(Input Opens)

lemma canonical_simplex_col_dot:
  assumes "n \<ge> 1" "c1 \<le> n" "c2 \<le> n"
  shows "col (canonical_simplex n) c1 \<bullet> col (canonical_simplex n) c2 = (if c1 = c2 then 1 else - 1 / real n)"
proof (cases "c1 \<le> c2")
  case False
  have "col (canonical_simplex n) c1 \<bullet> col (canonical_simplex n) c2
      = col (canonical_simplex n) c2 \<bullet> col (canonical_simplex n) c1"
    by (rule comm_scalar_prod[of _ n]) (use col_dim[of "canonical_simplex n"] in auto)
  with False show ?thesis using canonical_simplex_col_dot_le[of n c2 c1] assms by auto
qed (use assms canonical_simplex_col_dot_le in auto)

lemma simplex_d_carrier [simp]: "simplex_d n j \<in> carrier_vec n"
  unfolding simplex_d_def using col_dim[of "canonical_simplex n"] by simp

lemma simplex_d_dot:
  assumes "n \<ge> 1" "j \<in> {1..n+1}" "k \<in> {1..n+1}"
  shows "simplex_d n j \<bullet> simplex_d n k = (if j = k then 1 else - 1 / real n)"
  using assms canonical_simplex_col_dot[of n "j - 1" "k - 1"] by (auto simp: simplex_d_def)

lemma simplex_d_1:
  assumes "n \<ge> 1"
  shows "simplex_d n 1 = unit_vec n 0"
proof (rule eq_vecI)
  have "simplex_a n 1 = 1"
    unfolding simplex_a_def using assms by (simp add: Suc_diff_le)
  then show "simplex_d n 1 $ r = unit_vec n 0 $ r" if "r < dim_vec (unit_vec n 0)" for r
    using that by (simp add: simplex_d_def canonical_simplex_index col_def canonical_simplex_def)
qed simp

section \<open>The perturbed simplex\<close>

lemma simplex_alpha_sq:
  assumes "n \<ge> 2"
  shows "simplex_alpha n \<delta> ^ 2 * (real n * \<delta>\<^sup>2 - 2 * \<delta> + real n) = real n"
proof -
  define D where "D = real n * \<delta>\<^sup>2 - 2 * \<delta> + real n"
  have "real n * D = (real n * \<delta> - 1)\<^sup>2 + (real n ^ 2 - 1)"
    unfolding D_def by (simp add: algebra_simps power2_eq_square)
  moreover have "real n ^ 2 > 1" using assms by (simp add: one_less_power)
  ultimately have "real n * D > 0" by (smt (verit) zero_le_power2)
  moreover have "real n ^ 2 * \<delta> ^ 2 - 2 * real n * \<delta> + real n ^ 2 = real n * D"
    unfolding D_def by (simp add: algebra_simps power2_eq_square)
  ultimately show ?thesis
    unfolding simplex_alpha_def power_divide D_def[symmetric] using assms
    by (simp add: power2_eq_square zero_less_mult_iff)
qed

lemma simplex_alpha_nonzero:
  assumes "n \<ge> 2"
  shows "simplex_alpha n \<delta> \<noteq> 0"
  using simplex_alpha_sq[OF assms, of \<delta>] assms by auto

lemma simplex_beta_scaled:
  assumes "n \<ge> 1"
  shows "real n * simplex_beta n \<delta> = simplex_alpha n \<delta> ^ 2 * (real n * \<delta>\<^sup>2 - 2 * \<delta> - 1)"
  unfolding simplex_beta_def using assms by simp

lemma simplex_one_minus_beta:
  assumes "n \<ge> 2"
  shows "real n * (1 - simplex_beta n \<delta>) = simplex_alpha n \<delta> ^ 2 * (real n + 1)"
proof -
  let ?A = "simplex_alpha n \<delta> ^ 2"
  have "real n * (1 - simplex_beta n \<delta>) = real n - real n * simplex_beta n \<delta>"
    by (simp add: algebra_simps)
  also have "\<dots> = ?A * (real n * \<delta>\<^sup>2 - 2 * \<delta> + real n) - ?A * (real n * \<delta>\<^sup>2 - 2 * \<delta> - 1)"
    using assms by (simp add: simplex_alpha_sq simplex_beta_scaled)
  also have "\<dots> = ?A * (real n + 1)"
    by (simp add: algebra_simps)
  finally show ?thesis .
qed

lemma simplex_beta_less_one:
  assumes "n \<ge> 2"
  shows "simplex_beta n \<delta> < 1"
proof -
  have "real n * (1 - simplex_beta n \<delta>) > 0"
    unfolding simplex_one_minus_beta[OF assms] using simplex_alpha_nonzero[OF assms] by simp
  then show ?thesis using assms by (simp add: zero_less_mult_iff)
qed

lemma simplex_lambda_sq:
  assumes "n \<ge> 2"
  shows "real n * simplex_lambda n \<delta> ^ 2 = 1 + (real n - 1) * simplex_beta n \<delta>"
proof -
  let ?A = "simplex_alpha n \<delta> ^ 2"
  have "real n * (real n * simplex_lambda n \<delta> ^ 2) = ?A * (real n * \<delta> - 1)\<^sup>2"
    using assms by (simp add: simplex_lambda_def power_mult_distrib field_simps power2_eq_square)
  also have "\<dots> = ?A * (real n * \<delta>\<^sup>2 - 2 * \<delta> + real n)
      + (real n - 1) * (?A * (real n * \<delta>\<^sup>2 - 2 * \<delta> - 1))"
    by (simp add: algebra_simps power2_eq_square)
  also have "\<dots> = real n + (real n - 1) * (real n * simplex_beta n \<delta>)"
    using assms by (simp only: simplex_alpha_sq simplex_beta_scaled)
  also have "\<dots> = real n * (1 + (real n - 1) * simplex_beta n \<delta>)"
    by (simp add: algebra_simps)
  finally show ?thesis using assms by simp
qed

lemma simplex_lambda_nonzero:
  assumes "n \<ge> 2" "real n * \<delta> \<noteq> 1"
  shows "simplex_lambda n \<delta> \<noteq> 0"
  unfolding simplex_lambda_def using assms simplex_alpha_nonzero[OF assms(1)] by (auto simp: field_simps)

lemma simplex_d_delta_carrier [simp]: "simplex_d_delta n \<delta> j \<in> carrier_vec n"
  unfolding simplex_d_delta_def by simp

lemma simplex_d_delta_dot:
  assumes "n \<ge> 2" "j \<in> {1..n+1}" "k \<in> {1..n+1}"
  shows "simplex_d_delta n \<delta> j \<bullet> simplex_d_delta n \<delta> k =
    (if j = k then 1 else if j = 1 \<or> k = 1 then simplex_lambda n \<delta> else simplex_beta n \<delta>)"
proof -
  let ?\<alpha> = "simplex_alpha n \<delta>" and ?e = "simplex_d n 1"
  have n: "n \<ge> 1" "real n > 0" using assms(1) by auto
  have e: "unit_vec n 0 = ?e" using simplex_d_1[OF n(1)] by simp
  have d: "simplex_d_delta n \<delta> i = (if i = 1 then ?e else ?\<alpha> \<cdot>\<^sub>v (simplex_d n i + \<delta> \<cdot>\<^sub>v ?e))" for i
    unfolding simplex_d_delta_def e ..
  have shifted: "(simplex_d n x + \<delta> \<cdot>\<^sub>v ?e) \<bullet> (simplex_d n y + \<delta> \<cdot>\<^sub>v ?e)
      = simplex_d n x \<bullet> simplex_d n y + \<delta> * (?e \<bullet> simplex_d n y)
        + \<delta> * (simplex_d n x \<bullet> ?e) + \<delta>\<^sup>2 * (?e \<bullet> ?e)"
    for x y
    by (simp add: add_scalar_prod_distrib[of _ n] scalar_prod_add_distrib[of _ n]
        smult_scalar_prod_distrib[of _ n] scalar_prod_smult_distrib[of _ n] power2_eq_square algebra_simps)
  have e_dot: "?e \<bullet> simplex_d n i = (if i = 1 then 1 else - 1 / real n)"
    "simplex_d n i \<bullet> ?e = (if i = 1 then 1 else - 1 / real n)" if "i \<in> {1..n+1}" for i
    using simplex_d_dot[OF n(1) _ that, of 1] simplex_d_dot[OF n(1) that, of 1] that by auto
  have e_dot_delta: "?e \<bullet> simplex_d_delta n \<delta> i = simplex_lambda n \<delta>"
    "simplex_d_delta n \<delta> i \<bullet> ?e = simplex_lambda n \<delta>" if "i \<in> {2..n+1}" for i
    using that e_dot[of i] e_dot[of 1] unfolding d simplex_lambda_def
    by (auto simp: scalar_prod_add_distrib[of _ n] add_scalar_prod_distrib[of _ n]
        scalar_prod_smult_distrib[of _ n] smult_scalar_prod_distrib[of _ n])
  consider "j = 1" "k = 1" | "j = 1" "k \<noteq> 1" | "j \<noteq> 1" "k = 1" | "j \<noteq> 1" "k \<noteq> 1" by blast
  then show ?thesis
  proof cases
    case 4
    have "simplex_d_delta n \<delta> j \<bullet> simplex_d_delta n \<delta> k
        = ?\<alpha>\<^sup>2 * ((simplex_d n j + \<delta> \<cdot>\<^sub>v ?e) \<bullet> (simplex_d n k + \<delta> \<cdot>\<^sub>v ?e))"
      using 4 unfolding d
      by (simp add: smult_scalar_prod_distrib[of _ n] scalar_prod_smult_distrib[of _ n] power2_eq_square)
    also have "\<dots> = ?\<alpha>\<^sup>2 * ((if j = k then 1 else - 1 / real n) - 2 * \<delta> / real n + \<delta>\<^sup>2)"
      unfolding shifted e_dot[OF assms(2)] e_dot[OF assms(3)] simplex_d_dot[OF n(1) assms(2,3)]
      using 4 simplex_d_dot[OF n(1), of 1 1] by simp
    also have "\<dots> = (if j = k then 1 else simplex_beta n \<delta>)"
      using simplex_alpha_sq[OF assms(1), of \<delta>] n(2)
      by (auto simp: simplex_beta_def field_simps)
    finally show ?thesis using 4 by simp
  qed (use assms e_dot e_dot_delta in \<open>auto simp: d\<close>)
qed

lemma gram_simplex_columns:
  assumes "n \<ge> 2" "distinct js" "set js \<subseteq> {1..n+1}" "length js = n"
  shows "gram (mat_of_cols n (map (simplex_d_delta n \<delta>) js)) = mat n n (\<lambda>(r, c).
    if r = c then 1 else if js ! r = 1 \<or> js ! c = 1 then simplex_lambda n \<delta> else simplex_beta n \<delta>)"
proof -
  have "set (map (simplex_d_delta n \<delta>) js) \<subseteq> carrier_vec n" by auto
  moreover have "js ! r \<in> {1..n+1}" if "r < n" for r using assms(3,4) that nth_mem by blast
  moreover have "js ! r = js ! c \<longleftrightarrow> r = c" if "r < n" "c < n" for r c
    using assms(2,4) that by (simp add: nth_eq_iff_index_eq)
  ultimately show ?thesis
    using assms(1,4) by (auto simp: gram_mat_of_cols simplex_d_delta_dot)
qed

lemma gram_simplex_T:
  assumes "n \<ge> 2" "i \<in> {2..n+1}"
  shows "gram (simplex_T n \<delta> i) =
    bordered_mat n 1 (simplex_lambda n \<delta>) (simplex_lambda n \<delta>) 1 (simplex_beta n \<delta>)"
proof -
  define js where "js = filter (\<lambda>j. j \<noteq> i) [1..<n + 2]"
  have set_js: "set js = {1..<n+2} - {i}" and "distinct js" by (auto simp: js_def)
  then have len: "length js = n" using distinct_card[of js] assms(2) by (simp add: card_Diff_singleton)
  have "js = 1 # filter (\<lambda>j. j \<noteq> i) [2..<n + 2]"
    unfolding js_def using assms(2) by (subst upt_conv_Cons) (auto simp: numeral_2_eq_2)
  then have "js ! r = 1 \<longleftrightarrow> r = 0" if "r < n" for r
    using that len \<open>distinct js\<close> nth_eq_iff_index_eq[of js r 0] by auto
  then show ?thesis
    unfolding simplex_T_def js_def[symmetric] using assms(1) set_js len \<open>distinct js\<close>
    by (subst gram_simplex_columns) (auto intro!: eq_matI)
qed

lemma gram_simplex_B:
  assumes "n \<ge> 2"
  shows "gram (simplex_B n \<delta>) =
    bordered_mat n 1 (simplex_beta n \<delta>) (simplex_beta n \<delta>) 1 (simplex_beta n \<delta>)"
proof -
  define js where "js = [2..<n + 2]"
  have "set js = {2..<n+2}" "distinct js" "length js = n"
    by (simp_all only: js_def set_upt distinct_upt length_upt diff_add_inverse2)
  then have "js ! r \<noteq> 1" if "r < n" for r using that nth_mem[of r js] by auto
  then show ?thesis
    unfolding simplex_B_def js_def[symmetric] using assms \<open>set js = _\<close> \<open>distinct js\<close> \<open>length js = n\<close>
    by (subst gram_simplex_columns) (auto intro!: eq_matI)
qed

lemma simplex_Minv_eq_bordered_mat:
  assumes "n \<ge> 1"
  shows "simplex_Minv n \<delta> = bordered_mat n (real n * simplex_lambda n \<delta>) 0 (- 1) 1 0"
  unfolding simplex_Minv_def simplex_lambda_def using assms
  by (intro eq_matI) (auto simp: field_simps)

lemma smult_one_minus_smult_ones_eq_bordered_mat:
  "x \<cdot>\<^sub>m 1\<^sub>m n - y \<cdot>\<^sub>m ones_mat n n = bordered_mat n (x - y) (- y) (- y) (x - y) (- y)"
  unfolding ones_mat_def by (intro eq_matI) auto

theorem lemma10:
  fixes n :: nat and \<delta> :: real
  assumes "n \<ge> 2" and "0 \<le> \<delta>" and "\<delta> < 1 / real n"
  shows "(\<forall>i\<in>{2..n+1}. gram (simplex_T n \<delta> i) =
            mat n n (\<lambda>(r, c). if r = c then 1
                              else if r = 0 \<or> c = 0 then simplex_lambda n \<delta>
                              else simplex_beta n \<delta>))
       \<and> mat_inverse (gram (simplex_B n \<delta>)) =
            Some ((1 / (1 - simplex_beta n \<delta>)) \<cdot>\<^sub>m 1\<^sub>m n
              - (simplex_beta n \<delta> / ((1 - simplex_beta n \<delta>) ^ 2
                   * (1 + simplex_beta n \<delta> * real n / (1 - simplex_beta n \<delta>)))) \<cdot>\<^sub>m ones_mat n n)
       \<and> (\<forall>i\<in>{2..n+1}. mat_inverse (gram (simplex_T n \<delta> i)) =
            Some (simplex_Minv n \<delta> * the (mat_inverse (gram (simplex_B n \<delta>)))
                  * transpose_mat (simplex_Minv n \<delta>)))"
proof -
  let ?l = "simplex_lambda n \<delta>" and ?b = "simplex_beta n \<delta>"
  have n: "n \<ge> 2" "n \<ge> 1" "real n > 0" using assms(1) by auto
  have b_ne: "?b \<noteq> 1" using simplex_beta_less_one[OF n(1), of \<delta>] by linarith
  have l_sq: "real n * ?l\<^sup>2 = 1 + (real n - 1) * ?b" by (rule simplex_lambda_sq[OF n(1)])
  \<comment> \<open>of the hypotheses on \<delta> only \<delta> \<noteq> 1 / n is needed\<close>
  have "real n * \<delta> \<noteq> 1" using assms(3) n(3) by (simp add: field_simps)
  then have G: "1 + (real n - 1) * ?b \<noteq> 0"
    unfolding l_sq[symmetric] using n simplex_lambda_nonzero[OF n(1)] by simp
  have "(1 - ?b) ^ 2 * (1 + ?b * real n / (1 - ?b)) = (1 - ?b) * (1 + (real n - 1) * ?b)"
    using b_ne by (simp add: power2_eq_square field_simps)
  then have ii: "mat_inverse (gram (simplex_B n \<delta>)) =
      Some ((1 / (1 - ?b)) \<cdot>\<^sub>m 1\<^sub>m n
        - (?b / ((1 - ?b) ^ 2 * (1 + ?b * real n / (1 - ?b)))) \<cdot>\<^sub>m ones_mat n n)"
    unfolding gram_simplex_B[OF n(1)] smult_one_minus_smult_ones_eq_bordered_mat
    using mat_inverse_bordered_mat_uniform[OF b_ne G] by simp
  have "gram (simplex_T n \<delta> i) = mat n n (\<lambda>(r, c). if r = c then 1 else if r = 0 \<or> c = 0 then ?l else ?b)"
    and "mat_inverse (gram (simplex_T n \<delta> i)) =
      Some (simplex_Minv n \<delta> * the (mat_inverse (gram (simplex_B n \<delta>))) * transpose_mat (simplex_Minv n \<delta>))"
    if "i \<in> {2..n+1}" for i
    unfolding gram_simplex_T[OF n(1) that] gram_simplex_B[OF n(1)] simplex_Minv_eq_bordered_mat[OF n(2)]
    using mat_inverse_bordered_mat_congruence[OF b_ne G l_sq] by (auto intro!: eq_matI)
  with ii show ?thesis by blast
qed

end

(Input Closes)

Only the lines from the first line of the records through the line containing "by (rule comm_scalar_prod[of" should be repeated, exactly as they appear.

Task answer:
lemma canonical_simplex_col_dot:
  assumes "n \<ge> 1" "c1 \<le> n" "c2 \<le> n"
  shows "col (canonical_simplex n) c1 \<bullet> col (canonical_simplex n) c2 = (if c1 = c2 then 1 else - 1 / real n)"
proof (cases "c1 \<le> c2")
  case False
  have "col (canonical_simplex n) c1 \<bullet> col (canonical_simplex n) c2
      = col (canonical_simplex n) c2 \<bullet> col (canonical_simplex n) c1"
    by (rule comm_scalar_prod[of _ n]) (use col_dim[of "canonical_simplex n"] in auto)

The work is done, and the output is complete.